For three days, our boat navigated slowly through the maze of tiny islands and narrow fjords that makes up the western coast of Patagonia. Sheer cliffs and craggy peaks rose up from a dense carpet of lush green forest. The wild shore never seemed to be more than half a mile from the boat. At times, I felt that I could have reached out and picked a pebble off one of the deserted beaches.


All traces of human development soon disappeared far behind us. Less than one day out of port, I felt as if I had entered a land frozen in prehistory. A canoe full of the long extinct Kawéskar Indians could have paddled past us without looking out of place, hunting seals with whalebone harpoons or trading otter skins with passing vessels. The last few millennia could have been a mere figment of our collective imagination.

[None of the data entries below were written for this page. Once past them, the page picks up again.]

text \<open>Shrinking the estimation error towards the truth by t = R / (R + tau) puts it into F(R), where
  the event applies and the basic inequality still holds by convexity; the resulting bound R/2
  on the shrunken error rules out tau > R.\<close>
lemma tau_estimation_error_le:
  assumes Y: "\<forall>i. Y i = xs i \<bullet> beta0 + g0 (zs i) + e i"
    and g0: "g0 \<in> G" and g_hat: "g_hat \<in> G"
    and opt: "\<forall>b. \<forall>g\<in>G. crit J lam mu n Y xs zs beta_hat g_hat \<le> crit J lam mu n Y xs zs b g"
    and delta0: "0 < delta0" "delta0 \<le> 1/253" and lam: "0 < lam" and R: "0 < R"
    and mu_g0: "2 * mu^2 * (seminormJ J g0)^2 \<le> delta0 * R^2"
    and Lam: "0 < Lam" "\<forall>b. \<forall>g\<in>G. Lam * (b \<bullet> b) \<le> pop_sq M b g"
    and lam_bound: "4 * lam^2 * real (card {j. beta0 $ j \<noteq> 0}) / Lam \<le> delta0 * R^2"
    and T: "event_T M G J lam mu delta0 R n xs zs e"
  shows "tau M J lam mu delta0 R (beta_hat - beta0) (\<lambda>z. g_hat z - g0 z) \<le> R"
proof -
  define dh where "dh = (\<lambda>z. g_hat z - g0 z)"
  have dh: "dh \<in> G" unfolding dh_def by (rule L2_subspace_diff[OF GS g_hat g0])
  define th where "th = tau M J lam mu delta0 R (beta_hat - beta0) dh"
  have th0: "0 \<le> th" unfolding th_def using lam R delta0 by (intro tau_nonneg) auto
  define t where "t = R / (R + th)"
  have t: "0 \<le> t" "t \<le> 1" using R th0 by (simp_all add: t_def)
  define b where "b = t *\<^sub>R (beta_hat - beta0)"
  define d where "d = (\<lambda>z. t * dh z)"
  have d: "d \<in> G" unfolding d_def by (rule L2_subspace_scale[OF GS dh])
  have tau_bd: "tau M J lam mu delta0 R b d = t * th"
    unfolding b_def d_def th_def by (rule tau_scale[OF SI GS t(1) dh])
  define N where "N = (\<Sum>i<n. e i * (xs i \<bullet> b + d (zs i))) / real n"
  have "t * th \<le> R" using R th0 by (simp add: t_def divide_le_eq)
  then have "\<bar>emp_sq n xs zs b d - pop_sq M b d\<bar> \<le> delta0 * R^2"
    and "\<bar>\<Sum>i<n. e i * (xs i \<bullet> b + d (zs i))\<bar> / real n \<le> delta0 * R^2"
    using T d tau_bd unfolding event_T_def by auto
  moreover have "N \<le> \<bar>\<Sum>i<n. e i * (xs i \<bullet> b + d (zs i))\<bar> / real n"
    unfolding N_def by (simp add: divide_right_mono)
  ultimately have emp: "pop_sq M b d - delta0 * R^2 \<le> emp_sq n xs zs b d"
    and noise: "N \<le> delta0 * R^2" by linarith+
  have basic: "emp_sq n xs zs b d + lam * l1norm (beta0 + b) + mu^2 * (2 * J g0 d + J d d)
      \<le> 2 * N + lam * l1norm beta0"
    unfolding N_def using lam
    by (intro minimizer_basic_inequality[OF Y g0 g_hat opt t]) (auto simp: b_def d_def dh_def)
  have "Lam * (b \<bullet> b) \<le> pop_sq M b d" using Lam(2) d by blast
  then have "tau M J lam mu delta0 R b d \<le> R / 2"
    by (rule tau_le_half_of_basic_inequality[OF delta0 lam R g0 d mu_g0 Lam(1) _ lam_bound emp noise basic])
  then have "R * th / (R + th) \<le> R / 2" using tau_bd by (simp add: t_def)
  then show ?thesis using R th0 by (simp add: th_def dh_def field_simps)
qed
lemma positive_solution_sq_le:
  assumes x: "positive_solution x" and n: "n \<ge> 1"
  shows "s0 n * (x n)\<^sup>2 \<le> l n"
proof -
  have "0 \<le> sm n * x (n - 1) + \<kappa> n"
  proof (cases "n = 1")
    case True
    then show ?thesis using x x\<^sub>0_cond by (simp add: positive_solution_def)
  next
    case False
    then have "0 < x (n - 1)"
      using x n by (simp add: positive_solution_def)
    then show ?thesis
      using sm_pos[OF n] kappa_nonneg[OF n] by (simp add: add_nonneg_nonneg)
  qed
  moreover have "0 < s1 n * x (n + 1)" "0 < x n"
    using x n s1_pos[OF n] by (simp_all add: positive_solution_def)
  ultimately have "0 \<le> x n * (s1 n * x (n + 1) + (sm n * x (n - 1) + \<kappa> n))"
    by simp
  also have "\<dots> = l n - s0 n * (x n)\<^sup>2"
    using x n by (simp add: positive_solution_def power2_eq_square algebra_simps)
  finally show ?thesis by simp
qed

lemma positive_solution_max_sq_le:
  assumes "positive_solution x" "positive_solution y" "n \<ge> 1"
  shows "s0 n * (max (x n) (y n))\<^sup>2 \<le> l n"
  using positive_solution_sq_le[OF assms(1,3)] positive_solution_sq_le[OF assms(2,3)]
  by (simp add: max_def)

lemma positive_solution_alternating_gap:
  fixes x y :: "nat \<Rightarrow> real"
  defines "e \<equiv> \<lambda>k. (-1) ^ (k + 1) * (y k - x k)"
  assumes x: "positive_solution x" and y: "positive_solution y"
    and n: "n \<ge> 1" and e_n: "0 \<le> e n"
  shows "2 * s0 n * e n - sm n * e (n - 1) \<le> s1 n * e (Suc n)"
proof -
  define P where "P = x n * y n"
  have P_pos: "0 < P"
    using x y n unfolding P_def positive_solution_def by simp
  have "P \<le> (max (x n) (y n))\<^sup>2"
    using x y n unfolding P_def positive_solution_def power2_eq_square
    by (cases "x n \<le> y n") (auto intro: mult_mono)
  then have "s0 n * P \<le> s0 n * (max (x n) (y n))\<^sup>2"
    using s0_pos[OF n] by simp
  also have "\<dots> \<le> l n"
    by (rule positive_solution_max_sq_le[OF x y n])
  finally have P_le: "s0 n * P \<le> l n" .
  have "l n = x n * (s1 n * x (n + 1) + s0 n * x n + sm n * x (n - 1)) + \<kappa> n * x n"
    "l n = y n * (s1 n * y (n + 1) + s0 n * y n + sm n * y (n - 1)) + \<kappa> n * y n"
    using x y n unfolding positive_solution_def by blast+
  then have diff: "- l n * (y n - x n) =
      P * (s1 n * (y (n + 1) - x (n + 1)) + s0 n * (y n - x n) + sm n * (y (n - 1) - x (n - 1)))"
    unfolding P_def by algebra
  define \<epsilon> :: real where "\<epsilon> = (-1) ^ n"
  have "e (Suc n) = \<epsilon> * (y (n + 1) - x (n + 1))" "e n = - \<epsilon> * (y n - x n)"
    "e (n - 1) = \<epsilon> * (y (n - 1) - x (n - 1))"
    using n unfolding e_def \<epsilon>_def by (auto simp: power_eq_if)
  with diff have "P * s1 n * e (Suc n) = (l n + P * s0 n) * e n - P * sm n * e (n - 1)"
    by algebra
  also have "\<dots> \<ge> P * (2 * s0 n * e n - sm n * e (n - 1))"
    using mult_right_mono[OF P_le e_n] by (simp add: algebra_simps)
  finally show ?thesis
    using P_pos by (simp add: mult.assoc)
qed
(* Let $(\mathfrak A,\alpha,\varphi)$ be a $C^*$-dynamical system with GNS covariant representation $(\mathcal H_\varphi,\pi_\varphi,U,\Phi)$, let $\omega$ be a state on $\mathfrak A$ (not necessarily $\alpha$-invariant, nor normal w.r.t. $\varphi$) with GNS representation $(\mathcal H_\omega,\pi_\omega,\Omega)$, and let $\mathfrak B\subset\mathfrak A$ be a $*$-subalgebra such that $\omega$ is generic for $(\mathfrak A,\alpha,\varphi)$ w.r.t. $\mathfrak B$. Let $E_1$ be the orthogonal projection onto the $U$-invariant vectors of $\mathcal H_\varphi$, and assume that $\{\pi_\varphi(B)\Phi: B\in\mathfrak B,\ \alpha(B)=B\}$ is dense in $E_1\mathcal H_\varphi$. Then there is a unique partial isometry $V:\mathcal H_\varphi\to\mathcal H_\omega$ with $V^*V=E_1$ and $V\pi_\varphi(B)\Phi=\pi_\omega(B)\Omega$ for every $B\in\mathfrak B$ with $\alpha(B)=B$; in particular $\|\pi_\omega(B)\Omega\|=\|\pi_\varphi(B)\Phi\|$ for all such $B$.
   Context: A $C^*$-dynamical system $(\mathfrak A,\alpha,\varphi)$ consists of a $C^*$-algebra $\mathfrak A$, an automorphism $\alpha$ and an $\alpha$-invariant state $\varphi$; its GNS covariant representation is the GNS triple $(\mathcal H_\varphi,\pi_\varphi,\Phi)$ of $\varphi$ together with the unitary $U$ defined by $U\pi_\varphi(A)\Phi=\pi_\varphi(\alpha(A))\Phi$. A state $\omega$ on $\mathfrak A$ is generic for $(\mathfrak A,\alpha,\varphi)$ w.r.t. $\mathfrak B$ if $\lim_{N\to\infty}\frac1N\sum_{n=0}^{N-1}\omega(\alpha^n(B))=\varphi(B)$ for every $B\in\mathfrak B$. *)

theory Defs
  imports "HOL-Analysis.Analysis"
begin

class complex_vector = real_vector +
  fixes scaleC :: "complex \<Rightarrow> 'a \<Rightarrow> 'a"
  assumes scaleC_add_right: "scaleC c (x + y) = scaleC c x + scaleC c y"
    and scaleC_add_left: "scaleC (c + d) x = scaleC c x + scaleC d x"
    and scaleC_scaleC: "scaleC c (scaleC d x) = scaleC (c * d) x"
    and scaleC_one: "scaleC 1 x = x"
    and scaleR_scaleC: "scaleR r x = scaleC (complex_of_real r) x"

class complex_normed_vector = complex_vector + real_normed_vector +
  assumes norm_scaleC: "norm (scaleC c x) = cmod c * norm x"
(* Let $m>0$, $n$ an odd positive integer, $V=[-m/2,m/2]$. For every $D\in\mathcal{CTM}$ and every $j\in\{-\lceil n/2\rceil+1,\dots,0,\dots,n-\lceil n/2\rceil\}$, $$|x_{\lceil n/2\rceil}-x_{\lceil n/2\rceil+j}|\le |j|\cdot\frac{m}{\lceil n/2\rceil-1}.$$
   Context: A dataset is $D=(x_1,\dots,x_n)\in V^n$, indexed so that $x_1\le\dots\le x_n$. $\mathcal{CTM}$ is the set of datasets with $|x_{i+1}-x_i|\ge|x_{j+1}-x_j|$ for all $1\le i<j\le\lceil n/2\rceil-1$ and $|x_i-x_{i-1}|\ge|x_j-x_{j-1}|$ for all $\lceil n/2\rceil+1\le j<i\le n$. *)

theory Defs
  imports Complex_Main
begin

text \<open>A dataset of size n is represented as a function x :: nat => real, with
  entries x 1, ..., x n (other indices are irrelevant).\<close>

definition half_ceil :: "nat \<Rightarrow> nat" where
  "half_ceil n = nat \<lceil>real n / 2\<rceil>"

definition dataset :: "real set \<Rightarrow> nat \<Rightarrow> (nat \<Rightarrow> real) \<Rightarrow> bool" where
  "dataset V n x \<longleftrightarrow> (\<forall>i\<in>{1..n}. x i \<in> V) \<and> (\<forall>i j. 1 \<le> i \<longrightarrow> i \<le> j \<longrightarrow> j \<le> n \<longrightarrow> x i \<le> x j)"

definition CTM :: "real set \<Rightarrow> nat \<Rightarrow> (nat \<Rightarrow> real) \<Rightarrow> bool" where
  "CTM V n x \<longleftrightarrow> dataset V n x \<and>
     (\<forall>i j. 1 \<le> i \<longrightarrow> i < j \<longrightarrow> j \<le> half_ceil n - 1 \<longrightarrow>
        \<bar>x (i+1) - x i\<bar> \<ge> \<bar>x (j+1) - x j\<bar>) \<and>
     (\<forall>i j. half_ceil n + 1 \<le> j \<longrightarrow> j < i \<longrightarrow> i \<le> n \<longrightarrow>
        \<bar>x i - x (i-1)\<bar> \<ge> \<bar>x j - x (j-1)\<bar>)"

end

theory Submission
  imports Defs
begin

text \<open>Write n = 2p + 1, so the centre is x (p+1) and each half has p gaps. The CTM condition
  says the gaps shrink towards the centre. Hence the t gaps next to the centre are the t
  smallest of p gaps on that side, their sum is at most t/p times the total of that side,
  and that total is at most the diameter m of V.\<close>

lemma half_ceil_odd: "half_ceil (2 * p + 1) = p + 1"
proof -
  have "\<lceil>real (2 * p + 1) / 2\<rceil> = int p + 1"
    by (intro ceiling_unique) auto
  then show ?thesis
    unfolding half_ceil_def by simp
qed

lemma half_ceil_pos: "0 < n \<Longrightarrow> 0 < half_ceil n"
  unfolding half_ceil_def by simp

lemma sum_prefix_le_average:
  fixes f :: "nat \<Rightarrow> 'a :: linordered_idom"
  assumes "mono_on {..<p} f" and "t \<le> p"
  shows "of_nat p * sum f {..<t} \<le> of_nat t * sum f {..<p}"
proof -
  have "of_nat (p - t) * sum f {..<t} = (\<Sum>a<t. \<Sum>b\<in>{t..<p}. f a)"
    by (simp add: sum_distrib_right mult.commute)
  also have "\<dots> \<le> (\<Sum>a<t. \<Sum>b\<in>{t..<p}. f b)"
    by (intro sum_mono mono_onD[OF assms(1)]) auto
  also have "\<dots> = of_nat t * sum f {t..<p}"
    by simp
  finally have "of_nat (p - t) * sum f {..<t} \<le> of_nat t * sum f {t..<p}" .
  moreover have "sum f {..<p} = sum f {..<t} + sum f {t..<p}"
    using assms(2) by (metis atLeast0LessThan sum.atLeastLessThan_concat zero_le)
  moreover have "(of_nat p :: 'a) = of_nat t + of_nat (p - t)"
    using assms(2) by (simp flip: of_nat_add)
  ultimately show ?thesis
    by (simp add: algebra_simps)
qed

lemma increment_le_average_increment:
  fixes y :: "nat \<Rightarrow> real"
  assumes "mono_on {..<p} (\<lambda>i. y (Suc i) - y i)" and "y p - y 0 \<le> m" and "t \<le> p"
  shows "y t - y 0 \<le> real t * (m / real p)"
proof (cases "p = 0")
  case False
  have "real p * (y t - y 0) \<le> real t * (y p - y 0)"
    using sum_prefix_le_average[OF assms(1,3)] by (simp add: sum_lessThan_telescope)
  also have "\<dots> \<le> real t * m"
    using assms(2) by (simp add: mult_left_mono)
  finally show ?thesis
    using False by (simp add: field_simps)
qed (use assms(3) in simp)

lemma CTM_sorted:
  assumes "CTM V n x" and "1 \<le> i" and "i \<le> j" and "j \<le> n"
  shows "x i \<le> x j"
  using assms unfolding CTM_def dataset_def by blast

lemma CTM_span:
  assumes "CTM {lo..hi} n x" and "1 \<le> a" and "a \<le> n" and "1 \<le> b" and "b \<le> n"
  shows "x b - x a \<le> hi - lo"
proof -
  have "x a \<in> {lo..hi}" and "x b \<in> {lo..hi}"
    using assms unfolding CTM_def dataset_def by simp_all
  then show ?thesis
    by simp
qed

lemma CTM_left_gap_antimono:
  assumes "CTM V n x" and "1 \<le> i" and "i \<le> j" and "j < half_ceil n" and "j < n"
  shows "x (Suc j) - x j \<le> x (Suc i) - x i"
proof (cases "i = j")
  case False
  then have "\<bar>x (j + 1) - x j\<bar> \<le> \<bar>x (i + 1) - x i\<bar>"
    using assms(1-4) unfolding CTM_def by auto
  moreover have "x i \<le> x (Suc i)" "x j \<le> x (Suc j)"
    using CTM_sorted[OF assms(1)] assms(2-5) by auto
  ultimately show ?thesis
    by simp
qed simp

lemma CTM_right_gap_mono:
  assumes "CTM V n x" and "half_ceil n \<le> i" and "i \<le> j" and "j < n"
  shows "x (Suc i) - x i \<le> x (Suc j) - x j"
proof (cases "i = j")
  case False
  have "\<forall>i j. half_ceil n + 1 \<le> j \<longrightarrow> j < i \<longrightarrow> i \<le> n \<longrightarrow>
      \<bar>x j - x (j - 1)\<bar> \<le> \<bar>x i - x (i - 1)\<bar>"
    using assms(1) unfolding CTM_def by blast
  from this[rule_format, of "Suc i" "Suc j"]
  have "\<bar>x (Suc i) - x i\<bar> \<le> \<bar>x (Suc j) - x j\<bar>"
    using assms(2-4) False by simp
  moreover have "x i \<le> x (Suc i)" "x j \<le> x (Suc j)"
    using CTM_sorted[OF assms(1)] half_ceil_pos[of n] assms(2-4) by auto
  ultimately show ?thesis
    by simp
qed simp

lemma CTM_left_distance_from_centre:
  assumes "CTM {lo..hi} (2 * p + 1) x" and "t \<le> p"
  shows "\<bar>x (p + 1) - x (p + 1 - t)\<bar> \<le> real t * ((hi - lo) / real p)"
proof -
  \<comment> \<open>the left half read outwards from the centre, negated so that it increases\<close>
  let ?y = "\<lambda>i. - x (p + 1 - i)"
  have "?y t - ?y 0 \<le> real t * ((hi - lo) / real p)"
  proof (rule increment_le_average_increment)
    show "mono_on {..<p} (\<lambda>i. ?y (Suc i) - ?y i)"
    proof (rule mono_onI)
      fix a b
      assume "a \<in> {..<p}" and "b \<in> {..<p}" and "a \<le> b"
      then show "?y (Suc a) - ?y a \<le> ?y (Suc b) - ?y b"
        using CTM_left_gap_antimono[OF assms(1), of "p - b" "p - a"] half_ceil_odd[of p]
        by (simp add: Suc_diff_le)
    qed
    show "?y p - ?y 0 \<le> hi - lo"
      using CTM_span[OF assms(1), of 1 "p + 1"] by simp
  qed (use assms in auto)
  moreover have "x (p + 1 - t) \<le> x (p + 1)"
    using CTM_sorted[OF assms(1)] assms(2) by auto
  ultimately show ?thesis
    by simp
qed

lemma CTM_right_distance_from_centre:
  assumes "CTM {lo..hi} (2 * p + 1) x" and "t \<le> p"
  shows "\<bar>x (p + 1) - x (p + 1 + t)\<bar> \<le> real t * ((hi - lo) / real p)"
proof -
  let ?y = "\<lambda>i. x (p + 1 + i)"
  have "?y t - ?y 0 \<le> real t * ((hi - lo) / real p)"
  proof (rule increment_le_average_increment)
    show "mono_on {..<p} (\<lambda>i. ?y (Suc i) - ?y i)"
    proof (rule mono_onI)
      fix a b
      assume "a \<in> {..<p}" and "b \<in> {..<p}" and "a \<le> b"
      then show "?y (Suc a) - ?y a \<le> ?y (Suc b) - ?y b"
        using CTM_right_gap_mono[OF assms(1), of "p + 1 + a" "p + 1 + b"] half_ceil_odd[of p]
        by simp
    qed
    show "?y p - ?y 0 \<le> hi - lo"
      using CTM_span[OF assms(1), of "p + 1" "p + 1 + p"] by simp
  qed (use assms in auto)
  moreover have "x (p + 1) \<le> x (p + 1 + t)"
    using CTM_sorted[OF assms(1)] assms(2) by auto
  ultimately show ?thesis
    by simp
qed

theorem lemma7p11:
  fixes m :: real and n :: nat and x :: "nat \<Rightarrow> real" and j :: int
  assumes "m > 0" and "odd n" and "n > 0"
    and "CTM {-m/2..m/2} n x"
    and "- int (half_ceil n) + 1 \<le> j" and "j \<le> int n - int (half_ceil n)"
  shows "\<bar>x (half_ceil n) - x (nat (int (half_ceil n) + j))\<bar>
           \<le> real_of_int \<bar>j\<bar> * (m / (real (half_ceil n) - 1))"
proof -
  obtain p where n: "n = 2 * p + 1"
    using assms(2) oddE by blast
  have centre: "half_ceil n = p + 1"
    using half_ceil_odd n by simp
  have ctm: "CTM {-m/2..m/2} (2 * p + 1) x"
    using assms(4) n by simp
  show ?thesis
  proof (cases "j \<le> 0")
    case True
    define t where "t = nat (- j)"
    have "t \<le> p" and "j = - int t" and "nat (int (half_ceil n) + j) = p + 1 - t"
      using True assms(5) centre unfolding t_def by auto
    then show ?thesis
      using CTM_left_distance_from_centre[OF ctm] centre by simp
  next
    case False
    define t where "t = nat j"
    have "t \<le> p" and "j = int t" and "nat (int (half_ceil n) + j) = p + 1 + t"
      using False assms(6) centre n unfolding t_def by auto
    then show ?thesis
      using CTM_right_distance_from_centre[OF ctm] centre by simp
  qed
qed

end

Everything was at once beautiful and desolate. The ocean was as cold and hard as steel; the climate was harsh and unforgiving. Just beyond the deserted shore, a mess of dark branches, bearded with lichen and hung with dreadlocks of green moss, formed a seemingly impenetrable barrier. There were no friendly harbours or protected bays.


Patagonia’s pioneers, when confronted with such unfettered wildness, did not like what they saw. The map in our ship’s lounge was testament to their psyche - Last Hope Sound, The Gulf of Sorrows, Useless Bay and Port Famine. Each name spoke of desperation and tragedy. It was as if nature itself had shunned their presence.


However, when viewed from the comfort of a sturdy 20th century vessel, it became an unspoiled paradise. For those hardy souls who were willing to brave the inclement weather and venture to the upper decks, some wonderful sights laid in wait.


Sea lions leapt and rolled beside our boat or sat roaring at us from the comfort of the shore. Pods of dolphins rode in our slipstream, showing off their athletic prowess to anyone who was game enough to dangle over the bough of the boat. Large white gulls and dark albatrosses hovered ominously above us, reminding me of Coleridge’s dark poem, ‘The Ancient Mariner’. We saw only one other ship during the entire voyage. For once, nature outnumbered man.


Throughout the voyage, the weather was blustery and unpredictable. Powerful westerly winds never paused for breath and thick banks of cloud tumbled through the sky, frequently swooping in low to pelt us with icy rain. Chile’s southern coast receives from 5000 to 7000 mm of rain annually; foul weather is the norm.


But during the brief periods when the sun actually broke through the clouds, a remarkable transformation occurred. Warm pockets of light flowed over the hills like liquid gold and rainbows sprang from the base of dark clouds. For a second, magical colours painted a world of grey.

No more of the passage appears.